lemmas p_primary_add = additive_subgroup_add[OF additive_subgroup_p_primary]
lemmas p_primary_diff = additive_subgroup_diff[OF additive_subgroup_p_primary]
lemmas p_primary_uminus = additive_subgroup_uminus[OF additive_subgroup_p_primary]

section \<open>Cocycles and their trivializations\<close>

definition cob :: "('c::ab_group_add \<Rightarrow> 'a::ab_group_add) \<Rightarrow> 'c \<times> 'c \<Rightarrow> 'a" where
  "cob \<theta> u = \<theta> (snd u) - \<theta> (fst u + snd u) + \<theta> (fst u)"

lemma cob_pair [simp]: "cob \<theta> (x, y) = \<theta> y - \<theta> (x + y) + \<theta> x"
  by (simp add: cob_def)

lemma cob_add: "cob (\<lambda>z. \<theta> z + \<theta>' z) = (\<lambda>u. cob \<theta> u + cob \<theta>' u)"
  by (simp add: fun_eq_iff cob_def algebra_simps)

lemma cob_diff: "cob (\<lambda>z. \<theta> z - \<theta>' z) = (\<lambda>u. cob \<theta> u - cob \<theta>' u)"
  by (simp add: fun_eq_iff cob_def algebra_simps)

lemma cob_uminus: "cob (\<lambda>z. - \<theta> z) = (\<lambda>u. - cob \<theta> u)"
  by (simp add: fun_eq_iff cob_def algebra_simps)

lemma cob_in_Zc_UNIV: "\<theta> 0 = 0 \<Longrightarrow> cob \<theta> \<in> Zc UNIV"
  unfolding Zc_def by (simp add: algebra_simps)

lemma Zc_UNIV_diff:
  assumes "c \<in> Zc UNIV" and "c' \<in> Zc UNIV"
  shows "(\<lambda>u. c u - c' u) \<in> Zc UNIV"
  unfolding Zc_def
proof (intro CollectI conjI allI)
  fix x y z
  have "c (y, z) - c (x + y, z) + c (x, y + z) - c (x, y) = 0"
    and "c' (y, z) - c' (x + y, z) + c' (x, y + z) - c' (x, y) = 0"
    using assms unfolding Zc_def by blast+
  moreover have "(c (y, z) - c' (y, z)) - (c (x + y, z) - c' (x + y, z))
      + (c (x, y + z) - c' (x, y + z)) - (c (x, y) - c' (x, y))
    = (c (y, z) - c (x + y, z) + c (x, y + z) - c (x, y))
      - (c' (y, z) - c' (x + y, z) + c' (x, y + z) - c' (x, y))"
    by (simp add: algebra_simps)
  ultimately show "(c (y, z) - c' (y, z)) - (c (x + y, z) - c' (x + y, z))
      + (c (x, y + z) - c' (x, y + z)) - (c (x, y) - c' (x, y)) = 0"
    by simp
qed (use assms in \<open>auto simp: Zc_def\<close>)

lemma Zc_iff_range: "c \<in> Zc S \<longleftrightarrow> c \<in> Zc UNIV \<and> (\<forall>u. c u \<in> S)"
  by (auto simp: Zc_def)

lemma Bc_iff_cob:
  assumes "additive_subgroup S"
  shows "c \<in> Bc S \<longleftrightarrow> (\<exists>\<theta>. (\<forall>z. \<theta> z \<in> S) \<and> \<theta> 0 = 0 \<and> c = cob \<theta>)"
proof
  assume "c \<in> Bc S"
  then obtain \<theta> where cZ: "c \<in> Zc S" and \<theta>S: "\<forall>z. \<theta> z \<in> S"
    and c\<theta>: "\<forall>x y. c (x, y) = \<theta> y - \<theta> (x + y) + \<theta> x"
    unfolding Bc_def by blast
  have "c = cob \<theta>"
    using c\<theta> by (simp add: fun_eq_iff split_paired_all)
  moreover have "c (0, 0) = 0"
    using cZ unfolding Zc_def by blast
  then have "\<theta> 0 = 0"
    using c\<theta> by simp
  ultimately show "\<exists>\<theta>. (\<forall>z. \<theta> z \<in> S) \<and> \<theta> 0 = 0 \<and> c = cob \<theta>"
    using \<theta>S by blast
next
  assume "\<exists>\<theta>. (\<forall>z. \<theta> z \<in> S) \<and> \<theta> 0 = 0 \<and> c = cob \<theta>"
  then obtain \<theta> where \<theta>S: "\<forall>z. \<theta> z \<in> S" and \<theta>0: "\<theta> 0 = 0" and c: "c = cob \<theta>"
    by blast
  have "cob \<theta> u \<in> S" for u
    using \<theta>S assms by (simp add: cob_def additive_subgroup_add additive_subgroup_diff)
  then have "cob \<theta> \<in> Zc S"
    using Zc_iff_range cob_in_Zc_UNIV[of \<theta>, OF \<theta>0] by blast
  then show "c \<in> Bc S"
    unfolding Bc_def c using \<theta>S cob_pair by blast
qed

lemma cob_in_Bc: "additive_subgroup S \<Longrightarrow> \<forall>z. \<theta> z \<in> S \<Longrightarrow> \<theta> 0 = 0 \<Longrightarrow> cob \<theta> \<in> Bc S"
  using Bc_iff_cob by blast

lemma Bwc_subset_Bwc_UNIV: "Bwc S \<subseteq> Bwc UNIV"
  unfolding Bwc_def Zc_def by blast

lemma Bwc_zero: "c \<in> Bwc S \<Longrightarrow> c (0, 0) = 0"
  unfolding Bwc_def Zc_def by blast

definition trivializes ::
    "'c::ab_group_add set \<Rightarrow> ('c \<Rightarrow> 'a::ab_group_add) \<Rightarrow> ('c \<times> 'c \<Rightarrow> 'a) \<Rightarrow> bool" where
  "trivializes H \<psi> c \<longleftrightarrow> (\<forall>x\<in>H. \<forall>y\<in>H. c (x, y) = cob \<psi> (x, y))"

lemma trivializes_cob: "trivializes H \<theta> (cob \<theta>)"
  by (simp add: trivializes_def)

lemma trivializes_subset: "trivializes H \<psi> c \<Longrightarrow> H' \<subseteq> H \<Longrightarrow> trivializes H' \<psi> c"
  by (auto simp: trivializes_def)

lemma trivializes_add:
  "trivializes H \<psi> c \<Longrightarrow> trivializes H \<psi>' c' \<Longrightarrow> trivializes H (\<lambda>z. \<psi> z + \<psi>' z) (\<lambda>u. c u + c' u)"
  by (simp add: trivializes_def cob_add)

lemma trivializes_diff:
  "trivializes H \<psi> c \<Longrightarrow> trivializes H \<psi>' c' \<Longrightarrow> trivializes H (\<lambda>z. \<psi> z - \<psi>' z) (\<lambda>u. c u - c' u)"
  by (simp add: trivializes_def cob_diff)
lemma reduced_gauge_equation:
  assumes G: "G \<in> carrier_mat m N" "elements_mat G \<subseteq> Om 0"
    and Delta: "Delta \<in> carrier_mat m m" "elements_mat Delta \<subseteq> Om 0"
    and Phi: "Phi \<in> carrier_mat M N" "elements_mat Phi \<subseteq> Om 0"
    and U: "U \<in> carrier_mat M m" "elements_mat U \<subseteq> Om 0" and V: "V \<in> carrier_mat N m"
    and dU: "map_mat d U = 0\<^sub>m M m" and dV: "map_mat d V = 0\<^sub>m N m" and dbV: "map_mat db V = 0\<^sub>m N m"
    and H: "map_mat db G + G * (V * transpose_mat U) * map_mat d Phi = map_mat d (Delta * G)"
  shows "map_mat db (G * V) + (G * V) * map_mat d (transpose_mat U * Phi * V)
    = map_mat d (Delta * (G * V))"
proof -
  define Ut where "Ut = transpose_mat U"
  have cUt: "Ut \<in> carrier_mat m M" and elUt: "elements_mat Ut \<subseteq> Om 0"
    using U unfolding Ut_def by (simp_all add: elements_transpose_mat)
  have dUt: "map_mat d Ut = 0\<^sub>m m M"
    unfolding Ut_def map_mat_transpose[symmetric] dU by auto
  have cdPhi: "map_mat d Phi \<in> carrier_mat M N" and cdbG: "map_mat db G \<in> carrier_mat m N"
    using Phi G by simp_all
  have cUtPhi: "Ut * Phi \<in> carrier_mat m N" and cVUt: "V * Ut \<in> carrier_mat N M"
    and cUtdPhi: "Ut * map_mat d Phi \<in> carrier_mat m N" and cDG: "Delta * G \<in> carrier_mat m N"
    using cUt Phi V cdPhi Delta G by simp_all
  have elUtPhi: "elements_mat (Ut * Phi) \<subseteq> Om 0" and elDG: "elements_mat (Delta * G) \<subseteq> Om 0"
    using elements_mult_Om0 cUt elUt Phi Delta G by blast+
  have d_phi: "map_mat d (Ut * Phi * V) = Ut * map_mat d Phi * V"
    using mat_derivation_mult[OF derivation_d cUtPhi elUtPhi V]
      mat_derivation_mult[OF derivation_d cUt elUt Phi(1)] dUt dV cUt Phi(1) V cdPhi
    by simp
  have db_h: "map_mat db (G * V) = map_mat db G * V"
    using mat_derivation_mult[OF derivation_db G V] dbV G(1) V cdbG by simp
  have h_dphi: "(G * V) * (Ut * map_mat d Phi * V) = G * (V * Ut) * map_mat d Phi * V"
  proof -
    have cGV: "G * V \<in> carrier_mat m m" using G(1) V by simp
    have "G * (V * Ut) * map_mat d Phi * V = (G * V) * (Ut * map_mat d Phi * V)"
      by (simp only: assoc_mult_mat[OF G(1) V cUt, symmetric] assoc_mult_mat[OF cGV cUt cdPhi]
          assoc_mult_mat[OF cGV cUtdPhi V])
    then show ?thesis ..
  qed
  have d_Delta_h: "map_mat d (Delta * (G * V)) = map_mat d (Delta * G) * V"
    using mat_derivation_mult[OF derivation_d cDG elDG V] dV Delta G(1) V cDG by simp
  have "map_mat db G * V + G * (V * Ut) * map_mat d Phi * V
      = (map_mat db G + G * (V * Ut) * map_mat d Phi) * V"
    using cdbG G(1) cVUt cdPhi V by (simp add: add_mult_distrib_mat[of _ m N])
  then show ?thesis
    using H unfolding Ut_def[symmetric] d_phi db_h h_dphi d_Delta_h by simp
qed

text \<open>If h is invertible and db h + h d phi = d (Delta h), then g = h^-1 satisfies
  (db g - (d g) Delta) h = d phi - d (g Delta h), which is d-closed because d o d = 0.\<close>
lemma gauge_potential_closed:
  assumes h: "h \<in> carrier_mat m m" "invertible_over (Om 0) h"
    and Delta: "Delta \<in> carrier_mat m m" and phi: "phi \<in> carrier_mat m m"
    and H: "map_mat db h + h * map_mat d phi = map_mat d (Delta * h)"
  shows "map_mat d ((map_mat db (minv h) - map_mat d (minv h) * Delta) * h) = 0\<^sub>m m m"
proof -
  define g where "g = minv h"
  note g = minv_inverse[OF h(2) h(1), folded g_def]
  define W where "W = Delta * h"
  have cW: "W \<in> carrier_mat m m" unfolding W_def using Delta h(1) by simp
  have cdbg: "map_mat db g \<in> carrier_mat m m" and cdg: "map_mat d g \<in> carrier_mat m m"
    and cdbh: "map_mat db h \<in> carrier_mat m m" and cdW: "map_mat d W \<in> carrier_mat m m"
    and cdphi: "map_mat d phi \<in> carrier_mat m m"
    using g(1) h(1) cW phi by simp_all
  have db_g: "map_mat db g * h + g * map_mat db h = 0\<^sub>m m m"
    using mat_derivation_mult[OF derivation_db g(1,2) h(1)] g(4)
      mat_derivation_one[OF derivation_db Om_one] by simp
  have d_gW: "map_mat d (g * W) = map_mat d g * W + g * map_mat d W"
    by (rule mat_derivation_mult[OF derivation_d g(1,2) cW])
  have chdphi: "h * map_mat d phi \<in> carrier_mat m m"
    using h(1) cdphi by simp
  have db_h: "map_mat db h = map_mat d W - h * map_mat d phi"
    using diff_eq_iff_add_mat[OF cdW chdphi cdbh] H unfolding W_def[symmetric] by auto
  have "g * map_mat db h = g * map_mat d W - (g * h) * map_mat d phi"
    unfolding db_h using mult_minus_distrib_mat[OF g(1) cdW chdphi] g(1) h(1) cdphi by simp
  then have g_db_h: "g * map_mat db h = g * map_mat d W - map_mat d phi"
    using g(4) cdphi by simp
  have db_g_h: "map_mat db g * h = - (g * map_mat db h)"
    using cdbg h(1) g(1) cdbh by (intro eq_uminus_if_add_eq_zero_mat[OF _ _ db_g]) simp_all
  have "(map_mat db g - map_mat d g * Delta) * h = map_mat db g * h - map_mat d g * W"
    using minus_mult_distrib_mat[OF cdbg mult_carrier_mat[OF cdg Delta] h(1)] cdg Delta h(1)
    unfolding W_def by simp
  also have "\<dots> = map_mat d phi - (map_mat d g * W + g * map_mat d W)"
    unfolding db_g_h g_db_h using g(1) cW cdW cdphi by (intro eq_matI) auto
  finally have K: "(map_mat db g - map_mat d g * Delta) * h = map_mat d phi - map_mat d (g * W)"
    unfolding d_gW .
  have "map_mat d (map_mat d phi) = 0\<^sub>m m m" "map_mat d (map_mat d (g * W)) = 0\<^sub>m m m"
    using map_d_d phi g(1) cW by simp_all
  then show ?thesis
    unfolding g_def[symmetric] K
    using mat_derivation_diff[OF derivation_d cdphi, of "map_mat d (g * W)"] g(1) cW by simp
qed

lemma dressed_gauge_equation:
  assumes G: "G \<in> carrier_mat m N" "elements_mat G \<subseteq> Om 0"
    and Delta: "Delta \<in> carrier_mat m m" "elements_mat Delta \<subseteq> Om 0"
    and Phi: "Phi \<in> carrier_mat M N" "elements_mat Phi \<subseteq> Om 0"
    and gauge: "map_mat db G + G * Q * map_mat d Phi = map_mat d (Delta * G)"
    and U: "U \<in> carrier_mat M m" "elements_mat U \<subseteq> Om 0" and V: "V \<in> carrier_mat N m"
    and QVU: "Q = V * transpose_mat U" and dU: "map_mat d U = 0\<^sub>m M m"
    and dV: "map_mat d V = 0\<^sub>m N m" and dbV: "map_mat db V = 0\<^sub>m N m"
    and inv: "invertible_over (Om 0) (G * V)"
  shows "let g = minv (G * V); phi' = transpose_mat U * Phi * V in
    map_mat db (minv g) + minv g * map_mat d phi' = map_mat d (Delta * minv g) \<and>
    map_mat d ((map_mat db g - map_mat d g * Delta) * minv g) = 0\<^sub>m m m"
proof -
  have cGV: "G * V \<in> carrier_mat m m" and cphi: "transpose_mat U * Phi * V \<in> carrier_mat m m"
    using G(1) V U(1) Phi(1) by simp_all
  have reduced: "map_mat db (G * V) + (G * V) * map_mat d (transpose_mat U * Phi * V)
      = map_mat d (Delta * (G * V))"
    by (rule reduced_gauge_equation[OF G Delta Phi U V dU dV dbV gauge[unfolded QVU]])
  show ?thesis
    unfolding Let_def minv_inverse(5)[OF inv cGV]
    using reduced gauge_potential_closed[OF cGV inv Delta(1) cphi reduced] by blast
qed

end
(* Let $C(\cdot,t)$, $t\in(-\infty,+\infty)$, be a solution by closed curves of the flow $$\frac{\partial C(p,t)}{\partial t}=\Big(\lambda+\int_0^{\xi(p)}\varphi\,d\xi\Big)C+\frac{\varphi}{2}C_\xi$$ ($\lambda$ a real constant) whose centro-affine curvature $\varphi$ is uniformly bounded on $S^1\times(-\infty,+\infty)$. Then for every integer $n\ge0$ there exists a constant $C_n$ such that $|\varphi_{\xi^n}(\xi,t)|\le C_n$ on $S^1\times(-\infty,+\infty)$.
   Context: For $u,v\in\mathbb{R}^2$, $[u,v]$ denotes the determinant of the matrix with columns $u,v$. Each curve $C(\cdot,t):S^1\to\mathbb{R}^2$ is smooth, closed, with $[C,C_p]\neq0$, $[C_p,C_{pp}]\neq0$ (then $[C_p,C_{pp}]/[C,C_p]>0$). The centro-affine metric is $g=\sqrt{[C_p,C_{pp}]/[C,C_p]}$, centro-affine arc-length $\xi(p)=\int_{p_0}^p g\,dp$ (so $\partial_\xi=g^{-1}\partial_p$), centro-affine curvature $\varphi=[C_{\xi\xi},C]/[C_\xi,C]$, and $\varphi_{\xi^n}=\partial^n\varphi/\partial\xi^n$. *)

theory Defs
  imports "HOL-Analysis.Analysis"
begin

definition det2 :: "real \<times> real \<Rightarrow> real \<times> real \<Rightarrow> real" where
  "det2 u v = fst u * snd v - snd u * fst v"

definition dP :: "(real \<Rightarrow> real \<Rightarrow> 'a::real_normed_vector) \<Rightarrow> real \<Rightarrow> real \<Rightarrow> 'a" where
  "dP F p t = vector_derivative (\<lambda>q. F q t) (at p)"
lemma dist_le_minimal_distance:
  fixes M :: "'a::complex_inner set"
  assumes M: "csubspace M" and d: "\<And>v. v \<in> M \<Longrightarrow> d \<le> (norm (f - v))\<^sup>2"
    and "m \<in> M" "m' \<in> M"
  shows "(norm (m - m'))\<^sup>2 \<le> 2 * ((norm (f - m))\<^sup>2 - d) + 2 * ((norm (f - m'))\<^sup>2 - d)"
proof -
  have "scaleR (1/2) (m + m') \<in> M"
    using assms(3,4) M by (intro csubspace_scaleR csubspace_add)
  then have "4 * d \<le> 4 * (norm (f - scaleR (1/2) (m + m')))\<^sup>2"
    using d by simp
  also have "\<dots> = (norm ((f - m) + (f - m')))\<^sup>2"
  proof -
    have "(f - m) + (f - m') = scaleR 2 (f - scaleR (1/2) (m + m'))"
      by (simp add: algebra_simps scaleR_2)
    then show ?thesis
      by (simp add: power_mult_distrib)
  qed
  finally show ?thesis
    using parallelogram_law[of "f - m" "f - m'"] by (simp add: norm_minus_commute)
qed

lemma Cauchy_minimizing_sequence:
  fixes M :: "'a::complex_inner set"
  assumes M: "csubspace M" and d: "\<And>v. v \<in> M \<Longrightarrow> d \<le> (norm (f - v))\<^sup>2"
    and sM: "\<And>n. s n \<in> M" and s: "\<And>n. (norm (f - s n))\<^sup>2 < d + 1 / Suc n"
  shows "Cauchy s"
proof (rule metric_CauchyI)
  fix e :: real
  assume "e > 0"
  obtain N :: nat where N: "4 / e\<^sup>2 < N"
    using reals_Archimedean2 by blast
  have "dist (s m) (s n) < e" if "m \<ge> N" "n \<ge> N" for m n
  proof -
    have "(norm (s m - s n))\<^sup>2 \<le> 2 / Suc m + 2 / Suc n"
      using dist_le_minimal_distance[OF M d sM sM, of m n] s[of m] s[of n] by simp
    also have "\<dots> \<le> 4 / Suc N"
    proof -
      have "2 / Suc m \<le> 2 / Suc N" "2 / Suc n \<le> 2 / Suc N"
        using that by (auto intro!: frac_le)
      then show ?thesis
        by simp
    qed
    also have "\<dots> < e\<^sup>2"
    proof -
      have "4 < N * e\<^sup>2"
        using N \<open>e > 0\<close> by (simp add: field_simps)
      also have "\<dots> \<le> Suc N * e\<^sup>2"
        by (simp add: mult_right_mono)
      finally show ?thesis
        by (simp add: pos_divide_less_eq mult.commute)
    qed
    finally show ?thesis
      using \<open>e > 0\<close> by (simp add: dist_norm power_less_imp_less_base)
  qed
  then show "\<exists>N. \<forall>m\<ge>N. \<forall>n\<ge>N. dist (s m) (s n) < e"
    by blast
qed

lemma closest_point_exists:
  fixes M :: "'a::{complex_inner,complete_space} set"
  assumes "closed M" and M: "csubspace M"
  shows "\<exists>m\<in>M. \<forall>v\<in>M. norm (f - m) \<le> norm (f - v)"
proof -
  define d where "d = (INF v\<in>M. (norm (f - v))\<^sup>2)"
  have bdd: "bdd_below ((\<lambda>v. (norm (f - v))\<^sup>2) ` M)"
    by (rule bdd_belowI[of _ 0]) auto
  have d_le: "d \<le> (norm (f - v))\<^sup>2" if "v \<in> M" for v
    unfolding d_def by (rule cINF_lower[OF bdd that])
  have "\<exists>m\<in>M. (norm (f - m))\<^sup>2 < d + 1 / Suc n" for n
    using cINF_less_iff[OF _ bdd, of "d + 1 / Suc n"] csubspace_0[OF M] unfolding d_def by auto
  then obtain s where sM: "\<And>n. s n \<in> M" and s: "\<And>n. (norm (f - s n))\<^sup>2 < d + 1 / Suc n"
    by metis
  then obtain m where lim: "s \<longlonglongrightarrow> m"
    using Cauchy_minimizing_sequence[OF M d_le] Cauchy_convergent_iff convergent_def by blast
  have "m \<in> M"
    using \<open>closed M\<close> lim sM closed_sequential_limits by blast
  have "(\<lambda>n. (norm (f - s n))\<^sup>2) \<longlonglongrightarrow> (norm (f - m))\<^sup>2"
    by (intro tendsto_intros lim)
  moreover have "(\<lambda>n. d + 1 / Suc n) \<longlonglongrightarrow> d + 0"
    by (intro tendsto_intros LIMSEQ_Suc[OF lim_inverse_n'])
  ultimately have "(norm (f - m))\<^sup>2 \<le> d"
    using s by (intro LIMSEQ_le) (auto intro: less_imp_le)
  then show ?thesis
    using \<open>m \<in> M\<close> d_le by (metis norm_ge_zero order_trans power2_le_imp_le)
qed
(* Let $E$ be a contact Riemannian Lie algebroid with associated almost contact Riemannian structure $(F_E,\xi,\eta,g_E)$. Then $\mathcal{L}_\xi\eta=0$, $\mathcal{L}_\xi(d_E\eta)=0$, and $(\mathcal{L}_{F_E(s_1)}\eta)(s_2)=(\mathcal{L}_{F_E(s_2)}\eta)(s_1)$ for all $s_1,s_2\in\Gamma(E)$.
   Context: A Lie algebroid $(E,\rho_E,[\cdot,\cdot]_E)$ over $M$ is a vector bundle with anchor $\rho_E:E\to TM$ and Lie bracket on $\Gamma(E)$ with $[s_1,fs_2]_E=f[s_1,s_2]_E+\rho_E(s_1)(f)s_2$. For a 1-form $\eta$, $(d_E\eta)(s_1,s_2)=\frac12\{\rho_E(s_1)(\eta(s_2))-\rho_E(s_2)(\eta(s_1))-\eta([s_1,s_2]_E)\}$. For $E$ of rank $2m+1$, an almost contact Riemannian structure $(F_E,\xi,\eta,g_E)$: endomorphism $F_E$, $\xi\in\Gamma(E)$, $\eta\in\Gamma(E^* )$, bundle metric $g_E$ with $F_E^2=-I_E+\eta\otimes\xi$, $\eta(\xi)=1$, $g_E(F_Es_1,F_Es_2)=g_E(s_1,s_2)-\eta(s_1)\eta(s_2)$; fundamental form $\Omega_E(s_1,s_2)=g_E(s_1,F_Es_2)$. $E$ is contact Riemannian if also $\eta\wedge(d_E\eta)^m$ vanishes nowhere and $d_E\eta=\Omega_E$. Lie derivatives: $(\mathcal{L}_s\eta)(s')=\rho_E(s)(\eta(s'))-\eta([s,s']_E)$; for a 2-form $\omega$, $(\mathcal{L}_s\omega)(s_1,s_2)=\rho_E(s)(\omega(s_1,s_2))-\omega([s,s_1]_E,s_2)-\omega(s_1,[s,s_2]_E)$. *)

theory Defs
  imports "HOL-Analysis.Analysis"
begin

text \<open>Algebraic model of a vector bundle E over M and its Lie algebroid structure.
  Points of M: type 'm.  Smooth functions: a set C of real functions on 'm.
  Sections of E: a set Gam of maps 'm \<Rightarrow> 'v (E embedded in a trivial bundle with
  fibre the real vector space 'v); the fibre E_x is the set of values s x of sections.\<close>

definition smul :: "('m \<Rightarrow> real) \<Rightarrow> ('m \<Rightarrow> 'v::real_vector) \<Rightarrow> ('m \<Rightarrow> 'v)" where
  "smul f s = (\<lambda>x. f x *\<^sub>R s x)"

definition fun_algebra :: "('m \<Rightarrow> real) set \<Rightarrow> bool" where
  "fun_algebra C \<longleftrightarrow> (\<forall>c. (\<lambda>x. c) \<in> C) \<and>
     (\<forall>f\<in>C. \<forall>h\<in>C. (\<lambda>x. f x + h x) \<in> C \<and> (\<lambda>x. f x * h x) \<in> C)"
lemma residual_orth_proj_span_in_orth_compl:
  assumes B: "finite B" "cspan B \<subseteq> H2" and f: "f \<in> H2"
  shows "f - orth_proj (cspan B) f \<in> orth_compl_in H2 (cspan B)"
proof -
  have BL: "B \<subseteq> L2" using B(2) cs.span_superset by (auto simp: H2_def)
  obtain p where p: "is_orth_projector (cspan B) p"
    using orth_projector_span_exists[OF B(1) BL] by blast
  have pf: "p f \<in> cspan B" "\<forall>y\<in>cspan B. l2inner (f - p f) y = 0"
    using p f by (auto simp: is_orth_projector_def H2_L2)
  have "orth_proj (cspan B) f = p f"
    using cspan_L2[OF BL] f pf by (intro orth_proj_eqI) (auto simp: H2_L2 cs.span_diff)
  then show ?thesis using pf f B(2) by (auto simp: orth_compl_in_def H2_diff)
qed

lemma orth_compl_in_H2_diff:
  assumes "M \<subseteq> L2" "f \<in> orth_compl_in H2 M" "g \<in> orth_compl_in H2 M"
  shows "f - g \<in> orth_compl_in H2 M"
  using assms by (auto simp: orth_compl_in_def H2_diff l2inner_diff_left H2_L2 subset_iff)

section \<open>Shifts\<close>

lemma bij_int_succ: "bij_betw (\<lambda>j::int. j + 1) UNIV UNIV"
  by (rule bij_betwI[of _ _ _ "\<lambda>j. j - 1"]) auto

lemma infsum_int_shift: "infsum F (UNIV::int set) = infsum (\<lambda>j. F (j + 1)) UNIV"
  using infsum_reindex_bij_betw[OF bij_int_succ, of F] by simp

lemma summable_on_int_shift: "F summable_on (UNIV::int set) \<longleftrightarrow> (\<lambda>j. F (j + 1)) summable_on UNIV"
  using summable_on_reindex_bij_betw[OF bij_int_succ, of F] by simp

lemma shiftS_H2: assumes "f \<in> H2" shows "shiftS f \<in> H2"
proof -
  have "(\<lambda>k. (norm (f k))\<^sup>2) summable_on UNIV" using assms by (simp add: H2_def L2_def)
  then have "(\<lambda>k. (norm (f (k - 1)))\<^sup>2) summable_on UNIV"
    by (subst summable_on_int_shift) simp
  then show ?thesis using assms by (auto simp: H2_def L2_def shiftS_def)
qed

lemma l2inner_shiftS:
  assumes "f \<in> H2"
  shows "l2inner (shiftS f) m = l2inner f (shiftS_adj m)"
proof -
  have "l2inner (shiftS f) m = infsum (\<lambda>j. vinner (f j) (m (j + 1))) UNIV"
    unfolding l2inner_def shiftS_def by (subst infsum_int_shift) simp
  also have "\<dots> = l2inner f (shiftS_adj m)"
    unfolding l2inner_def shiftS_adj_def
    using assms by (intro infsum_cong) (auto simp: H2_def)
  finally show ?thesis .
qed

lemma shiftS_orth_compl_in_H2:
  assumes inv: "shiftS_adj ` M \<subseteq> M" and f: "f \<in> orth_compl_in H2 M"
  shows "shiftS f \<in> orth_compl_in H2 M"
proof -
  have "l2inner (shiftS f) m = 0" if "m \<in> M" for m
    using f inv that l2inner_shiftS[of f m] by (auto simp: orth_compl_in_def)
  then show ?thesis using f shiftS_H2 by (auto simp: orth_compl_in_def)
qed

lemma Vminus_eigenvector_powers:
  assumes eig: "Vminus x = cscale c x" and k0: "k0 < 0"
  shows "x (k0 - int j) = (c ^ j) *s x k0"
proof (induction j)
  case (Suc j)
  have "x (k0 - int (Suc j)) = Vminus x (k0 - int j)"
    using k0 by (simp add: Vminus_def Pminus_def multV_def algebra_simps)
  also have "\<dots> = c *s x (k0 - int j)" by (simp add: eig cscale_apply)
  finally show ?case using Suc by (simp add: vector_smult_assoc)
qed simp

- **Activity**
Show all lines from the data that contain "ultimately".

- **Answer for this exercise**
  ultimately show "(c (y, z) - c' (y, z)) - (c (x + y, z) - c' (x + y, z))
  ultimately show "\<exists>\<theta>. (\<forall>z. \<theta> z \<in> S) \<and> \<theta> 0 = 0 \<and> c = cob \<theta>"
  ultimately have "(norm (f - m))\<^sup>2 \<le> d"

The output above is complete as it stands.